Saved entries
◆ ◆ ◆ ◆ ◆ ◆ ◆
(* Let $p\in[1,\infty)$ and $w$ a weight sequence. A set $A\subset L_{p,w}$ is precompact if and only if it is bounded in $\|\cdot\|_{p,w}$ and $$\forall\varepsilon>0\ \exists N\in\mathbb{N}\ \forall a\in A\ \forall i\ge N:\ \sum_{j=i+1}^\infty|a_j|^p\, w_{(\sigma^a)^{-1}_j}<\varepsilon.$$
   Context: A weight sequence is a sequence $w=(w_i)$ of positive reals with $w_1=1\ge w_2\ge\dots$, $w_i\to0$, and $\sum_i w_i=+\infty$. For a real sequence $a$, $\|a\|_{p,w}=\sup_{\sigma}\big(\sum_{i=1}^\infty |a_{\sigma_i}|^p w_i\big)^{1/p}$ over all permutations $\sigma$ of $\mathbb{N}$; $L_{p,w}$ is the set of real sequences with finite norm. For $a\in L_{p,w}$, $\sigma^a:\mathbb{N}\to\mathbb{N}$ is defined recursively: $\sigma^a_i$ is the element $j$ of $\mathbb{N}\setminus\{\sigma^a_1,\dots,\sigma^a_{i-1}\}$ with $|a_j|$ maximal, taking the smallest such index in case of ties (well defined for $a\in L_{p,w}$, injective, with $|a_{\sigma^a_i}|$ nonincreasing). $(\sigma^a)^{-1}$ is its inverse on $\sigma^a(\mathbb{N})$, with the convention $w_{(\sigma^a)^{-1}_j}:=0$ if $j\notin\sigma^a(\mathbb{N})$. A set is precompact if for every $\varepsilon>0$ it has a finite cover by sets of radius at most $\varepsilon$. *)

theory Defs
  imports "HOL-Analysis.Analysis"
begin

text \<open>Indexing convention: sequences are indexed from 0 (index k here corresponds to
index k+1 in the paper).\<close>

definition weight_seq :: "(nat \<Rightarrow> real) \<Rightarrow> bool" where
  "weight_seq w \<longleftrightarrow> (\<forall>i. w i > 0) \<and> w 0 = 1 \<and> antimono w \<and> w \<longlonglongrightarrow> 0
     \<and> \<not> summable w"

definition pw_pow :: "real \<Rightarrow> (nat \<Rightarrow> real) \<Rightarrow> (nat \<Rightarrow> real) \<Rightarrow> ennreal" where
  "pw_pow p w a = (SUP \<sigma> \<in> {\<sigma>::nat \<Rightarrow> nat. bij \<sigma>}. (\<Sum>i. ennreal (\<bar>a (\<sigma> i)\<bar> powr p * w i)))"

definition Lpw :: "real \<Rightarrow> (nat \<Rightarrow> real) \<Rightarrow> (nat \<Rightarrow> real) set" where
  "Lpw p w = {a. pw_pow p w a < \<infinity>}"

definition normpw :: "real \<Rightarrow> (nat \<Rightarrow> real) \<Rightarrow> (nat \<Rightarrow> real) \<Rightarrow> real" where
  "normpw p w a = (enn2real (pw_pow p w a)) powr (1 / p)"

definition pick :: "(nat \<Rightarrow> real) \<Rightarrow> nat set \<Rightarrow> nat" where
  "pick a U = (LEAST j. j \<notin> U \<and> (\<forall>k. k \<notin> U \<longrightarrow> \<bar>a k\<bar> \<le> \<bar>a j\<bar>))"

primrec used :: "(nat \<Rightarrow> real) \<Rightarrow> nat \<Rightarrow> nat set" where
  "used a 0 = {}"
| "used a (Suc n) = insert (pick a (used a n)) (used a n)"

text \<open>The decreasing rearrangement map sigma^a: sigma_a a i = index of the i-th largest entry.\<close>
definition sigma_a :: "(nat \<Rightarrow> real) \<Rightarrow> nat \<Rightarrow> nat" where
  "sigma_a a i = pick a (used a i)"

definition w_inv :: "(nat \<Rightarrow> real) \<Rightarrow> (nat \<Rightarrow> real) \<Rightarrow> nat \<Rightarrow> real" where
  "w_inv w a j = (if j \<in> range (sigma_a a) then w (THE i. sigma_a a i = j) else 0)"

definition precompact_pw :: "real \<Rightarrow> (nat \<Rightarrow> real) \<Rightarrow> (nat \<Rightarrow> real) set \<Rightarrow> bool" where
  "precompact_pw p w A \<longleftrightarrow> (\<forall>\<epsilon>>0. \<exists>F. finite F \<and> F \<subseteq> Lpw p w \<and>
       A \<subseteq> (\<Union>c\<in>F. {b \<in> Lpw p w. normpw p w (b - c) \<le> \<epsilon>}))"

definition bounded_pw :: "real \<Rightarrow> (nat \<Rightarrow> real) \<Rightarrow> (nat \<Rightarrow> real) set \<Rightarrow> bool" where
  "bounded_pw p w A \<longleftrightarrow> (\<exists>M. \<forall>a\<in>A. normpw p w a \<le> M)"

end

(*
  For a sequence a in L_{p,w} (which tends to 0) the greedy rearrangement sigma^a realises the
  supremum defining the norm: by a majorization argument and Abel summation, no rearrangement of
  |a|^p beats the decreasing one against decreasing weights, so
  pw_pow a = sum_k |a (sigma^a k)|^p w k, and the tail sum of the statement is the part of this series carried by the indices j > i.
  The p-th power of the norm is a quasi-norm with constant 2^p.

  If A is precompact, its tails are controlled by the tails of the finitely many centres of a
  net. Conversely, a uniform bound together with uniformly small greedy tails makes the entries
  of all a in A uniformly small beyond some index, and beyond that index the full tails are then
  uniformly small as well; the finitely many remaining coordinates, which are uniformly bounded,
  are approximated by a finite grid.
*)
theory Submission
  imports Defs
begin

section \<open>The greedy rearrangement\<close>

lemma finite_abs_ge_if_tendsto_zero:
  fixes a :: "nat \<Rightarrow> real"
  assumes "a \<longlonglongrightarrow> 0" and "0 < \<delta>"
  shows "finite {k. \<delta> \<le> \<bar>a k\<bar>}"
proof -
  have "\<forall>\<^sub>F k in cofinite. \<bar>a k\<bar> < \<delta>"
    using assms unfolding cofinite_eq_sequentially tendsto_iff by (auto simp: dist_real_def)
  then show ?thesis by (simp add: eventually_cofinite not_less)
qed

lemma ex_max_abs_outside_finite:
  fixes a :: "nat \<Rightarrow> real"
  assumes a0: "a \<longlonglongrightarrow> 0" and "finite U"
  shows "\<exists>j. j \<notin> U \<and> (\<forall>k. k \<notin> U \<longrightarrow> \<bar>a k\<bar> \<le> \<bar>a j\<bar>)"
proof (cases "\<exists>k. k \<notin> U \<and> a k \<noteq> 0")
  case False
  obtain j where "j \<notin> U" using \<open>finite U\<close> by (metis ex_new_if_finite infinite_UNIV_nat)
  with False show ?thesis by (intro exI[of _ j]) auto
next
  case True
  then obtain k1 where k1: "k1 \<notin> U" "a k1 \<noteq> 0" by blast
  define S where "S = {k. \<bar>a k1\<bar> \<le> \<bar>a k\<bar>} - U"
  have "finite S"
    unfolding S_def using finite_abs_ge_if_tendsto_zero[OF a0, of "\<bar>a k1\<bar>"] k1 by simp
  moreover have "k1 \<in> S" using k1 by (simp add: S_def)
  ultimately obtain j where j: "j \<in> S" "\<bar>a j\<bar> = Max ((\<lambda>k. \<bar>a k\<bar>) ` S)"
    by (metis (no_types, lifting) Max_in empty_iff finite_imageI image_iff)
  have "\<bar>a k\<bar> \<le> \<bar>a j\<bar>" if "k \<notin> U" for k
  proof (cases "k \<in> S")
    case True
    then show ?thesis using j \<open>finite S\<close> by simp
  next
    case False
    then show ?thesis using j that by (auto simp: S_def)
  qed
  with j show ?thesis by (auto simp: S_def)
qed

lemma
  fixes a :: "nat \<Rightarrow> real"
  assumes "a \<longlonglongrightarrow> 0" and "finite U"
  shows pick_notin: "pick a U \<notin> U"
    and abs_le_pick: "k \<notin> U \<Longrightarrow> \<bar>a k\<bar> \<le> \<bar>a (pick a U)\<bar>"
proof -
  have "pick a U \<notin> U \<and> (\<forall>k. k \<notin> U \<longrightarrow> \<bar>a k\<bar> \<le> \<bar>a (pick a U)\<bar>)"
    unfolding pick_def by (rule LeastI_ex) (rule ex_max_abs_outside_finite[OF assms])
  then show "pick a U \<notin> U" and "k \<notin> U \<Longrightarrow> \<bar>a k\<bar> \<le> \<bar>a (pick a U)\<bar>" by auto
qed

lemma used_eq_image: "used a n = sigma_a a ` {..<n}"
  by (induction n) (auto simp: sigma_a_def lessThan_Suc)

context
  fixes a :: "nat \<Rightarrow> real"
  assumes a0: "a \<longlonglongrightarrow> 0"
begin

lemma sigma_a_notin_used: "sigma_a a n \<notin> used a n"
  unfolding sigma_a_def by (rule pick_notin[OF a0]) (simp add: used_eq_image)

lemma abs_le_sigma_a: "k \<notin> used a n \<Longrightarrow> \<bar>a k\<bar> \<le> \<bar>a (sigma_a a n)\<bar>"
  unfolding sigma_a_def by (rule abs_le_pick[OF a0]) (simp_all add: used_eq_image)

lemma inj_sigma_a: "inj (sigma_a a)"
proof (rule linorder_injI)
  fix m n :: nat assume "m < n"
  then have "sigma_a a m \<in> used a n" by (auto simp: used_eq_image)
  then show "sigma_a a m \<noteq> sigma_a a n" using sigma_a_notin_used[of n] by auto
qed

lemma card_used: "card (used a n) = n"
  using inj_sigma_a by (simp add: used_eq_image card_image inj_on_subset)

lemma abs_le_if_used: "j \<in> used a n \<Longrightarrow> k \<notin> used a n \<Longrightarrow> \<bar>a k\<bar> \<le> \<bar>a j\<bar>"
  by (auto simp: used_eq_image intro!: abs_le_sigma_a)

lemma abs_sigma_a_antimono: "m \<le> n \<Longrightarrow> \<bar>a (sigma_a a n)\<bar> \<le> \<bar>a (sigma_a a m)\<bar>"
  using sigma_a_notin_used[of n] by (intro abs_le_sigma_a) (auto simp: used_eq_image)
◆ ◆ ◆ ◆ ◆ ◆ ◆
### [Exercise objective]
The required output is the stretch of entries above from the line containing "pw_pow a = sum_k" through the line containing "If A is precompact, its", reproduced exactly.

### [Solution]
  pw_pow a = sum_k |a (sigma^a k)|^p w k, and the tail sum of the statement is the part of this series carried by the indices j > i.
  The p-th power of the norm is a quasi-norm with constant 2^p.

  If A is precompact, its tails are controlled by the tails of the finitely many centres of a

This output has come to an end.